Once there were a boy and girl who lived in a temple with tall, golden walls. They each had soft, scarlet lips. They stayed inside the temple and spoke words of love and caressed one another with touches as light as the breeze. They occasionally gazed out the temple windows at the round, gleaming moon - and then just went on as before. No one kept time; they were too busy loving to bother with numbers and schedules and rotations and other such nonsense.
One day the girl went into the attic. Everything inside was covered in a fine film of dust except a tiny white clock in the corner. She ran her hand along its face and felt how smooth it was. Lovely. She carried it out of the attic, into the hall, stood high on her tippytoes and hung it on the wall. Satisfied, she wandered off to find the boy and go back to loving. She soon forgot about the clock.
Some time passed and one twilight the girl awoke to a tic-tic-tic-tic. She nuzzled into the boy’s ear. ‘Don’t you hear that?’ she asked. And then fell asleep again. They slept soundly for the rest of the night.
More time passed and again she awoke in the twilight. Tic-tic-tic-tic. She lie in the bed for a while and listened. Silence. Silence. And then, tic-tic-tic-tic. Silence. Tic-tic-tic-tic. Eventually she fell asleep.
Soon after she was wandering down the hall and saw tiny flakes of gold flitting to the ground. She went and found a broom and swept them away. Then she asked the boy ‘Did you see the gold is flaking off the walls?’
‘Nonsense,’ said the boy. ‘Gold cannot just flake away.’
Again, time passed. And again, she awoke in the night to a tic-tic-tic-tic. The next day she found more gold flaking off the wall. She fetched the boy and led him into the hall, tugging at the ends of his fingers, gently, the way lovers do. ‘Do you see?,’ she asked. ‘Do you see the gold?’

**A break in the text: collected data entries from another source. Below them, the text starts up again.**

(* Let $l,d\ge 1$ and let $(X,Y)$ be a random vector in $\mathbb{R}^l\times\mathbb{R}^d$ with joint law $W$. Let $\rho:\mathbb{R}^l\to\mathbb{R}$ be a polynomial of degree at most $1$ with $\rho(X)\neq 0$ almost surely, and assume that the random vector $Z:=Y/\rho(X)\in\mathbb{R}^d$ is independent of $X$. Let $W_X$ and $W_Z$ denote the laws of $X$ and $Z$, and assume $X$ and $Z$ have finite moments of all orders. For each $m\in\mathbb{N}=\{0,1,2,\dots\}$ let $\{P^{(m)}_k:k\in\mathbb{N}^l\}$ be polynomials on $\mathbb{R}^l$, $P^{(m)}_k$ of total degree $|k|$, such that $\int P^{(m)}_kP^{(m)}_{k'}\,\rho(x)^{2m}\,W_X(dx)=0$ whenever $k\neq k'$; and let $\{R_s:s\in\mathbb{N}^d\}$ be polynomials on $\mathbb{R}^d$, $R_s$ of total degree $|s|$, such that $\int R_sR_{s'}\,dW_Z=0$ whenever $s\ne s'$. For $n=(k,s)\in\mathbb{N}^{l}\times\mathbb{N}^d$ define $$G_n(x,y)=P^{(|s|)}_k(x)\,\rho(x)^{|s|}\,R_s\!\left(\frac{y}{\rho(x)}\right).$$ Then each $G_n$ is a polynomial in $(x,y)$ of total degree $|n|=|k|+|s|$, and for $n=(k,s)$, $n'=(k',s')$, $$\int G_n G_{n'}\,dW=\delta_{nn'}\int \big(P^{(|s|)}_k\big)^2\rho^{2|s|}\,dW_X\int R_s^2\,dW_Z .$$
   Context: For $z\in\mathbb{R}^d$ (or a multi-index), $|z|=\sum_i z_i$. $\delta_{nn'}$ is the Kronecker delta. *)

theory Defs
  imports "HOL-Probability.Probability"
begin

text \<open>Multi-indices in N^n are functions 'n \<Rightarrow> nat on a finite index type; |a| = sum a UNIV.\<close>

definition mono_fn :: "('n::finite \<Rightarrow> nat) \<Rightarrow> real ^ 'n \<Rightarrow> real" where
  "mono_fn a x = (\<Prod>i\<in>UNIV. (x $ i) ^ (a i))"

definition poly_fn_on :: "('n::finite \<Rightarrow> nat) set \<Rightarrow> (real ^ 'n \<Rightarrow> real) \<Rightarrow> bool" where
  "poly_fn_on S f \<longleftrightarrow> (\<exists>c :: ('n \<Rightarrow> nat) \<Rightarrow> real. finite {a. c a \<noteq> 0} \<and>
      (\<forall>a. c a \<noteq> 0 \<longrightarrow> a \<in> S) \<and> (\<forall>x. f x = (\<Sum>a\<in>{a. c a \<noteq> 0}. c a * mono_fn a x)))"

definition poly_deg_le :: "nat \<Rightarrow> (real ^ 'n::finite \<Rightarrow> real) \<Rightarrow> bool" where
  "poly_deg_le D f \<longleftrightarrow> poly_fn_on {a. sum a UNIV \<le> D} f"

text \<open>Total degree exactly D (the zero polynomial has no degree).\<close>
definition poly_deg_eq :: "nat \<Rightarrow> (real ^ 'n::finite \<Rightarrow> real) \<Rightarrow> bool" where
  "poly_deg_eq D f \<longleftrightarrow> poly_deg_le D f \<and> \<not> poly_fn_on {a. sum a UNIV < D} f"

definition poly2_fn_on :: "(('l::finite \<Rightarrow> nat) \<times> ('d::finite \<Rightarrow> nat)) set
    \<Rightarrow> ((real ^ 'l) \<times> (real ^ 'd) \<Rightarrow> real) \<Rightarrow> bool" where
  "poly2_fn_on S f \<longleftrightarrow> (\<exists>c :: ('l \<Rightarrow> nat) \<times> ('d \<Rightarrow> nat) \<Rightarrow> real. finite {a. c a \<noteq> 0} \<and>
      (\<forall>a. c a \<noteq> 0 \<longrightarrow> a \<in> S) \<and>
      (\<forall>x y. f (x, y) = (\<Sum>a\<in>{a. c a \<noteq> 0}. c a * mono_fn (fst a) x * mono_fn (snd a) y)))"

definition poly2_deg_eq :: "nat \<Rightarrow> ((real ^ 'l::finite) \<times> (real ^ 'd::finite) \<Rightarrow> real) \<Rightarrow> bool" where
  "poly2_deg_eq D f \<longleftrightarrow> poly2_fn_on {a. sum (fst a) UNIV + sum (snd a) UNIV \<le> D} f \<and>
     \<not> poly2_fn_on {a. sum (fst a) UNIV + sum (snd a) UNIV < D} f"

definition Gfun :: "(nat \<Rightarrow> ('l::finite \<Rightarrow> nat) \<Rightarrow> real ^ 'l \<Rightarrow> real) \<Rightarrow> (real ^ 'l \<Rightarrow> real)
    \<Rightarrow> (('d::finite \<Rightarrow> nat) \<Rightarrow> real ^ 'd \<Rightarrow> real) \<Rightarrow> ('l \<Rightarrow> nat) \<Rightarrow> ('d \<Rightarrow> nat)
    \<Rightarrow> (real ^ 'l) \<times> (real ^ 'd) \<Rightarrow> real" where
  "Gfun P \<rho> R k s = (\<lambda>(x, y). P (sum s UNIV) k x * \<rho> x ^ (sum s UNIV) * R s (y /\<^sub>R \<rho> x))"

end

theory Submission
  imports Defs
begin

text \<open>
  Write S = |s| and expand R_s(z) = \<Sum>_a c_a z^a with |a| \<le> S.  Off the zero set
  of \<rho>, the function G_(k,s)(x,y) = P(x) \<rho>(x)^S R_s(y/\<rho>(x)) agrees with P(x) H(\<rho>(x), y),
  where H(r, y) = \<Sum>_a c_a y^a r^(S - |a|) is the homogenization of R_s.  Since \<rho> has degree
  at most 1, this is a polynomial in (x,y) of degree at most |k| + S.  Its degree is exactly
  |k| + S: along a ray t \<mapsto> (t x0, t y) the ratio G(t x0, t y) / t^(|k|+S) tends to
  lP * H(l, y), where lP \<noteq> 0 is the top-degree form of P at a suitable x0 and l is the linear
  part of \<rho> at x0; H(l, -) is not identically zero, whereas the same ratio tends to 0 for
  every polynomial of lower degree.

  For the orthogonality relation, G_n G_n' = F(X) H(Z) with polynomials F, H; independence
  of X and Z = Y/\<rho>(X) splits the integral into \<integral>F dW_X \<cdot> \<integral>H dW_Z (finite by the moment
  assumptions), and orthogonality of the P^(m) and of the R_s finishes the proof.
\<close>

lemma mono_fn_add: "mono_fn (\<lambda>i. a i + b i) x = mono_fn a x * mono_fn b x"
  unfolding mono_fn_def by (simp add: power_add prod.distrib)

lemma mono_fn_scale: "mono_fn a (t *\<^sub>R x) = t ^ sum a UNIV * mono_fn a x"
  unfolding mono_fn_def by (simp add: power_mult_distrib prod.distrib power_sum)

lemma mono_fn_zero: "mono_fn (\<lambda>_. 0) x = 1"
  unfolding mono_fn_def by simp

text \<open>Monomials are dominated by powers of the norm; this gives integrability from moments.\<close>
lemma mono_fn_bound: "\<bar>mono_fn a x\<bar> \<le> norm x ^ sum a UNIV"
  unfolding mono_fn_def power_sum abs_prod
  by (intro prod_mono) (auto simp: power_abs intro!: power_mono component_le_norm_cart)

definition poly_span :: "('e \<Rightarrow> nat) \<Rightarrow> ('e \<Rightarrow> 'p \<Rightarrow> real) \<Rightarrow> nat \<Rightarrow> ('p \<Rightarrow> real) \<Rightarrow> bool" where
  "poly_span deg M D f \<longleftrightarrow>
     (\<exists>A c. finite A \<and> (\<forall>a\<in>A. deg a \<le> D) \<and> (\<forall>p. f p = (\<Sum>a\<in>A. c a * M a p)))"

text \<open>Extending a sum by zero coefficients, to put two expansions on a common support.\<close>
lemma sum_extend_by_zero:
  fixes c M :: "'a \<Rightarrow> real"
  assumes "finite B" "A \<subseteq> B"
  shows "(\<Sum>a\<in>A. c a * M a) = (\<Sum>a\<in>B. (if a \<in> A then c a else 0) * M a)"
proof -
  have "(\<Sum>a\<in>B. (if a \<in> A then c a else 0) * M a) = (\<Sum>a\<in>B. if a \<in> A then c a * M a else 0)"
    by (intro sum.cong) auto
  also have "\<dots> = (\<Sum>a\<in>B \<inter> A. c a * M a)" by (simp add: sum.If_cases assms)
  also have "B \<inter> A = A" using assms by auto
  finally show ?thesis by simp
qed

lemma sum_mult_collect:
  fixes c d M :: "'a \<Rightarrow> real"
  assumes "finite A" "finite B" "\<And>a b. M (pl a b) = M a * M b"
  shows "(\<Sum>a\<in>A. c a * M a) * (\<Sum>b\<in>B. d b * M b) =
    (\<Sum>e\<in>case_prod pl ` (A \<times> B). (\<Sum>ab\<in>{ab\<in>A \<times> B. case_prod pl ab = e}. c (fst ab) * d (snd ab)) * M e)"
proof -
  have "(\<Sum>a\<in>A. c a * M a) * (\<Sum>b\<in>B. d b * M b) =
      (\<Sum>ab\<in>A \<times> B. c (fst ab) * d (snd ab) * M (case_prod pl ab))"
    unfolding sum_product sum.cartesian_product by (intro sum.cong) (auto simp: assms mult_ac)
  also have "\<dots> = (\<Sum>e\<in>case_prod pl ` (A \<times> B).
      \<Sum>ab\<in>{ab\<in>A \<times> B. case_prod pl ab = e}. c (fst ab) * d (snd ab) * M (case_prod pl ab))"
    by (rule sum.image_gen) (use assms in auto)
  also have "\<dots> = (\<Sum>e\<in>case_prod pl ` (A \<times> B).
      (\<Sum>ab\<in>{ab\<in>A \<times> B. case_prod pl ab = e}. c (fst ab) * d (snd ab)) * M e)"
    by (intro sum.cong refl) (auto simp: sum_distrib_right)
  finally show ?thesis .
qed

locale graded_monomials =
  fixes deg :: "'e \<Rightarrow> nat" and M :: "'e \<Rightarrow> 'p \<Rightarrow> real" and pl :: "'e \<Rightarrow> 'e \<Rightarrow> 'e" and z :: 'e
  assumes M_pl: "M (pl a b) p = M a p * M b p" and deg_pl: "deg (pl a b) = deg a + deg b"
    and M_z: "M z p = 1" and deg_z: "deg z = 0"
begin

lemma poly_span_zero: "poly_span deg M D (\<lambda>_. 0)"
  unfolding poly_span_def by (rule exI[of _ "{}"]) simp

lemma poly_span_const: "poly_span deg M 0 (\<lambda>_. k)"
  unfolding poly_span_def by (rule exI[of _ "{z}"], rule exI[of _ "\<lambda>_. k"]) (simp add: M_z deg_z)

lemma poly_span_add:
  assumes "poly_span deg M D f" "poly_span deg M D g"
  shows "poly_span deg M D (\<lambda>p. f p + g p)"
proof -
  obtain A c where A: "finite A" "\<forall>a\<in>A. deg a \<le> D" "\<forall>p. f p = (\<Sum>a\<in>A. c a * M a p)"
    using assms(1) unfolding poly_span_def by blast
  obtain B d where B: "finite B" "\<forall>a\<in>B. deg a \<le> D" "\<forall>p. g p = (\<Sum>a\<in>B. d a * M a p)"
    using assms(2) unfolding poly_span_def by blast
  show ?thesis unfolding poly_span_def
  proof (intro exI conjI allI)
    show "finite (A \<union> B)" "\<forall>a\<in>A \<union> B. deg a \<le> D" using A B by auto
    fix p
    show "f p + g p = (\<Sum>a\<in>A \<union> B. ((if a \<in> A then c a else 0) + (if a \<in> B then d a else 0)) * M a p)"
      using A B sum_extend_by_zero[of "A \<union> B" A c "\<lambda>a. M a p"]
        sum_extend_by_zero[of "A \<union> B" B d "\<lambda>a. M a p"]
      by (simp add: distrib_right sum.distrib)
  qed
qed

lemma poly_span_mult:
  assumes "poly_span deg M D1 f" "poly_span deg M D2 g"
  shows "poly_span deg M (D1 + D2) (\<lambda>p. f p * g p)"
proof -
  obtain A c where A: "finite A" "\<forall>a\<in>A. deg a \<le> D1" "\<forall>p. f p = (\<Sum>a\<in>A. c a * M a p)"
    using assms(1) unfolding poly_span_def by blast
  obtain B d where B: "finite B" "\<forall>a\<in>B. deg a \<le> D2" "\<forall>p. g p = (\<Sum>a\<in>B. d a * M a p)"
    using assms(2) unfolding poly_span_def by blast
  show ?thesis unfolding poly_span_def
  proof (intro exI conjI allI)
    show "finite (case_prod pl ` (A \<times> B))" using A B by simp
    show "\<forall>e\<in>case_prod pl ` (A \<times> B). deg e \<le> D1 + D2"
      using A B by (auto simp: deg_pl add_mono)
    fix p
    show "f p * g p = (\<Sum>e\<in>case_prod pl ` (A \<times> B).
        (\<Sum>ab\<in>{ab\<in>A \<times> B. case_prod pl ab = e}. c (fst ab) * d (snd ab)) * M e p)"
      using A B sum_mult_collect[of A B "\<lambda>a. M a p" pl c d] by (simp add: M_pl)
  qed
qed

lemma poly_span_sum:
  assumes "finite I" "\<And>i. i \<in> I \<Longrightarrow> poly_span deg M D (f i)"
  shows "poly_span deg M D (\<lambda>p. \<Sum>i\<in>I. f i p)"
  using assms by (induction I rule: finite_induct) (simp_all add: poly_span_zero poly_span_add)

lemma poly_span_power:
  assumes "poly_span deg M D f"
  shows "poly_span deg M (n * D) (\<lambda>p. f p ^ n)"
proof (induction n)
  case 0
  then show ?case using poly_span_const[of 1] by simp
next
  case (Suc n)
  then show ?case using poly_span_mult[OF assms Suc] by simp
qed

end

interpretation vars: graded_monomials "\<lambda>a::'n::finite \<Rightarrow> nat. sum a UNIV" mono_fn "\<lambda>a b i. a i + b i" "\<lambda>_. 0"
  by unfold_locales (auto simp: mono_fn_add mono_fn_zero sum.distrib)

definition pair_deg :: "('l::finite \<Rightarrow> nat) \<times> ('d::finite \<Rightarrow> nat) \<Rightarrow> nat" where
  "pair_deg a = sum (fst a) UNIV + sum (snd a) UNIV"

definition pair_mono :: "('l::finite \<Rightarrow> nat) \<times> ('d::finite \<Rightarrow> nat) \<Rightarrow> (real^'l) \<times> (real^'d) \<Rightarrow> real" where
  "pair_mono a p = mono_fn (fst a) (fst p) * mono_fn (snd a) (snd p)"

‘Oh,’ said the boy. ‘Oh.’ He paused. ‘Well, it’s only the wall. It’s only the gold. This is still our temple and we still love here.’
‘You’re right’, said the girl. ‘At least we have our temple. At least we have love.’
The days and nights passed. The round, gleaming moon appeared, then disappeared, again and again. The boy and girl loved. And sometimes little flakes of gold flitted to the ground and the girl swept them away. She did not care for the flaking, or for the sweeping, but she swept and went on with loving.
One dark twilight, the girl awoke with a start. Tic-tic-tic-tic. Silence. Tic-tic-tic-tic. She leaned over the boy. ‘Do you hear it, the tic? Listen.’
He rolled onto his back, lie in the dark for a moment gazing at the round, gleaming moon. ‘I hear it. But what shall we do? It’s just a tic.’
‘The tic wakes me up’, she said. ‘I don’t like the tic.’ He wrapped his arm around her and pulled her close, and they soon fell asleep.
On the darkest twilight of the year, the girl awoke again. The bed shook ever so slightly, echoing the tic-tic-tic-tic. She glanced toward the window, but there was no moon. She lie very still, found the boy’s fingertips in the blackness. She listened to the sound of her own breathing, focused on the slow inhale and exhale. But there it was. Tic-tic-tic-tic. And again. Tic-tic-tic-tic. Growing louder and louder. Tic-tic-tic-tic.
She finally rose from the bed and felt her way outside the bedroom, down the hall. At first it was very black but the hall grew lighter and lighter as she approached the clock. As she neared, she saw it had grown as big as the moon, a bright light looming high on the wall. With each tic-tic-tic-tic, the moon-clock shook. And with each shake, little flakes of gold flitted down to the floor.
Tic-tic-tic-tic. Shake-shake-shake-shake. Flit-flit-flit-flit.
She stood up high on her tippytoes and reached for the moon-clock, stretched her fingertips until she just brushed it. And with a flick, she hit it. She thought it would fall to the floor with a clatter, possibly break, but then, that wouldn’t be so bad, would it? She could put it back in the attic. And sleep. And love. And not have to sweep any more gold.
But the moon-clock did not fall. There was no clatter. Silence, for a moment. And then… Tic-tic-tic-tic. Shake-shake-shake-shake. Flit-flit-flit-flit.
She tried again, but could not reach. And again. And again. Her lip trembled, the first time such a thing had happened inside the temple. She bit her lip, rose onto her tippytoes again, stretched farther than she had ever stretched. And then – she felt two strong hands slip around her waist and gently lift her. She pulled hard on the moon-clock and a stream of nuggets broke loose from the golden wall, falling all around them. They toppled over.
She pulled herself up to a sitting position, smoothed the hair from her face and looked up. And there was the boy, sitting in a pile of gold rubble, bits of the wall crumbling behind him. Holding a tiny, broken clock. And grinning that grin of his.
She smiled, stood up, dusted the gold flakes off her nightgown and said ‘I’ll sweep in the morning.’ And then she padded down the dark hall back to bed. He followed soon after.